Back

AI / LLM System

AI Agent with Local LLM

Built an AI agent using a locally hosted LLM to interact with the internal helpdesk system.

Next.js
FastAPI
LangGraph
LangChain
vLLM
Docker
BM25
Vector Search

Overview

An AI agent that can answer questions about helpdesk tickets, look up asset information, and perform basic actions in the helpdesk system — all running on local hardware with no external API calls.

Architecture

The system has three main layers:

Frontend — A Next.js chat interface where users type queries in natural language.

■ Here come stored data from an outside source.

lemma sg_level_diff_sg_gens:
  assumes "6 \<le> a" "coprime a d"
  shows "sg_level (sg_gens a d) n - sg_level (sg_gens a d) (Suc n) =
           (\<lambda>i. (greedy_weight i + (n - greedy_parts i)) * a + i * d) ` {i. i < a \<and> greedy_parts i \<le> n}"
    (is "_ = ?nf ` ?I")
proof (intro set_eqI iffI)
  fix s
  assume s: "s \<in> sg_level (sg_gens a d) n - sg_level (sg_gens a d) (Suc n)"
  then have "s \<in> sg_level (sg_gens a d) n"
    by blast
  then obtain c0 c1 c2 c3
    where "s = c0 * a + c1 * (2 * a + d) + c2 * (3 * a + 3 * d) + c3 * (4 * a + 6 * d)"
    unfolding sg_level_sg_gens_iff by blast
  then obtain i q where i: "i < a" and s_eq: "s = (greedy_weight i + q) * a + i * d"
    using sg_gens_normal_form[OF assms(1)] by blast
  have "n \<le> q + greedy_parts i" "\<not> Suc n \<le> q + greedy_parts i"
    using s mem_sg_level_normal_form_iff[OF assms i, where n = n]
      mem_sg_level_normal_form_iff[OF assms i, where n = "Suc n"]
    unfolding s_eq by blast+
  then have "q = n - greedy_parts i" "greedy_parts i \<le> n"
    by linarith+
  then show "s \<in> ?nf ` ?I"
    using i unfolding s_eq by blast
next
  fix s
  assume "s \<in> ?nf ` ?I"
  then obtain i where i: "i < a" "greedy_parts i \<le> n" and s_eq: "s = ?nf i"
    by blast
  then have "n \<le> (n - greedy_parts i) + greedy_parts i" "\<not> Suc n \<le> (n - greedy_parts i) + greedy_parts i"
    by linarith+
  then show "s \<in> sg_level (sg_gens a d) n - sg_level (sg_gens a d) (Suc n)"
    using mem_sg_level_normal_form_iff[OF assms i(1), where q = "n - greedy_parts i"]
    unfolding s_eq by blast
qed

lemma card_greedy_parts_le:
  assumes "0 < a"
  shows "card {i. i < a \<and> greedy_parts i \<le> n} = (\<Sum>k\<le>n. t_coeff a k)"
proof (induction n)
  case 0
  have "{i. i < a \<and> greedy_parts i \<le> 0} = {i. i \<le> a - 1 \<and> mu_i i + nu_i i + xi_i i = 0}"
    using assms unfolding greedy_parts_def by auto
  then show ?case
    unfolding t_coeff_def by simp
next
  case (Suc n)
  have "{i. i < a \<and> greedy_parts i \<le> Suc n} =
          {i. i < a \<and> greedy_parts i \<le> n} \<union> {i. i \<le> a - 1 \<and> mu_i i + nu_i i + xi_i i = Suc n}"
    using assms unfolding greedy_parts_def by auto
  then have "card {i. i < a \<and> greedy_parts i \<le> Suc n} =
               card {i. i < a \<and> greedy_parts i \<le> n} + t_coeff a (Suc n)"
    unfolding t_coeff_def by (simp add: card_Un_disjoint greedy_parts_def disjoint_iff)
  then show ?case
    using Suc.IH by simp
qed

lemma card_sg_level_diff_sg_gens:
  assumes "6 \<le> a" "coprime a d"
  shows "card (sg_level (sg_gens a d) n - sg_level (sg_gens a d) (Suc n)) = (\<Sum>k\<le>n. t_coeff a k)"
proof -
  have inj: "inj_on (\<lambda>i. (greedy_weight i + (n - greedy_parts i)) * a + i * d)
                 {i. i < a \<and> greedy_parts i \<le> n}"
    using normal_form_unique[OF _ _ assms(2)] by (auto intro!: inj_onI)
  then show ?thesis
    unfolding sg_level_diff_sg_gens[OF assms] card_image[OF inj]
    using assms by (simp add: card_greedy_parts_le)
qed

lemma t_coeff_eq_0:
  assumes "a div 6 + 2 < k"
  shows "t_coeff a k = 0"
proof -
  have "greedy_parts i < k" if "i \<le> a - 1" for i
  proof -
    have "(i + 1) div 6 \<le> a div 6"
      using that by (cases "a = 0") (auto intro: div_le_mono)
    then show ?thesis
      using greedy_parts_le[of i] assms by linarith
  qed
  then show ?thesis
    unfolding t_coeff_def greedy_parts_def by (auto simp: less_not_refl)
qed

section \<open>The Hilbert series\<close>

lemma fps_partial_sums_eq_div_1_minus_X:
  fixes t :: "nat \<Rightarrow> 'a::field"
  assumes "\<forall>k>K. t k = 0"
  shows "Abs_fps (\<lambda>n. \<Sum>k\<le>n. t k) = (\<Sum>k=0..K. fps_const (t k) * fps_X ^ k) / (1 - fps_X)"
proof -
  have poly: "(\<Sum>k=0..K. fps_const (t k) * fps_X ^ k) = Abs_fps t"
    using fps_poly_sum_fps_X[of K "Abs_fps t"] assms by simp
  have "Abs_fps (\<lambda>n. \<Sum>k\<le>n. t k) * (1 - fps_X) = Abs_fps t"
  proof (rule fps_ext)
    fix n
    show "(Abs_fps (\<lambda>n. \<Sum>k\<le>n. t k) * (1 - fps_X)) $ n = Abs_fps t $ n"
      by (cases n) (simp_all add: algebra_simps fps_X_mult_nth)
  qed
  moreover have "(1 - fps_X :: 'a fps) $ 0 \<noteq> 0"
    by simp
  then have "(1 - fps_X :: 'a fps) \<noteq> 0"
    by auto
  ultimately show ?thesis
    unfolding poly by (metis nonzero_mult_div_cancel_right)
qed

theorem corollary6p9:
  fixes a d :: nat
  assumes "infinite (UNIV :: 'k::field set)"
    and "d > 0" and "a \<ge> 7" and "gcd a d = 1"
  defines "S \<equiv> num_semigroup [a, 2*a + d, 3*a + 3*d, 4*a + 6*d]"
  shows "\<exists>h :: nat \<Rightarrow> nat.
           (\<forall>n. quot_dim (max_ideal_pow S n :: 'k fps set) (max_ideal_pow S (Suc n)) (h n)) \<and>
           Abs_fps (\<lambda>n. real (h n)) =
             (\<Sum>k=0..a div 6 + 2. of_nat (t_coeff a k) * fps_X ^ k) / (1 - fps_X)"
proof -
  have a: "6 \<le> a" and coprime: "coprime a d"
    using assms(3,4) by (simp_all add: coprime_iff_gcd_eq_1)
  have pos: "\<forall>g\<in>set (sg_gens a d). 0 < g"
    using a by auto
  define h where "h n = card (sg_level (sg_gens a d) n - sg_level (sg_gens a d) (Suc n))" for n
  have "quot_dim (max_ideal_pow S n :: 'k fps set) (max_ideal_pow S (Suc n)) (h n)" for n
    unfolding S_def max_ideal_pow_num_semigroup[OF pos] h_def
    by (rule quot_dim_supported_on) (simp_all add: sg_level_antimono sg_level_diff_sg_gens[OF a coprime])
  moreover have "Abs_fps (\<lambda>n. real (h n)) =
      (\<Sum>k=0..a div 6 + 2. of_nat (t_coeff a k) * fps_X ^ k) / (1 - fps_X)"
    using fps_partial_sums_eq_div_1_minus_X[of "a div 6 + 2" "\<lambda>k. real (t_coeff a k)"] t_coeff_eq_0
    unfolding h_def card_sg_level_diff_sg_gens[OF a coprime] by (simp add: fps_of_nat)
  ultimately show ?thesis
    by blast
qed

end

Agent — A LangGraph-based agent orchestrating multi-step reasoning. It decides which tools to call, handles tool output, and composes a final answer.

Retrieval — A hybrid retrieval system combining BM25 keyword search and vector similarity search. BM25 handles exact term matches well (ticket IDs, names); vector search handles semantic similarity. Results are fused before being passed to the model.

What I Built

  • Hosted a fine-tuned model with vLLM for inference, exposing an OpenAI-compatible API
  • Built MCP (Model Context Protocol) connectors to give the agent access to live helpdesk data
  • Implemented long-term memory using a summarization approach: older conversation turns are condensed and stored, keeping the context window manageable
  • Added a context window budget manager to prevent token overflow on long sessions
  • Fine-tuned a base model on internal helpdesk examples to improve domain-specific response quality
  • Containerized all services with Docker Compose for consistent local deployment

Why Local?

Privacy requirements made external APIs a non-starter for this use case. Running everything locally also eliminated per-token costs and allowed fine-tuning on internal data without sending it to a third party.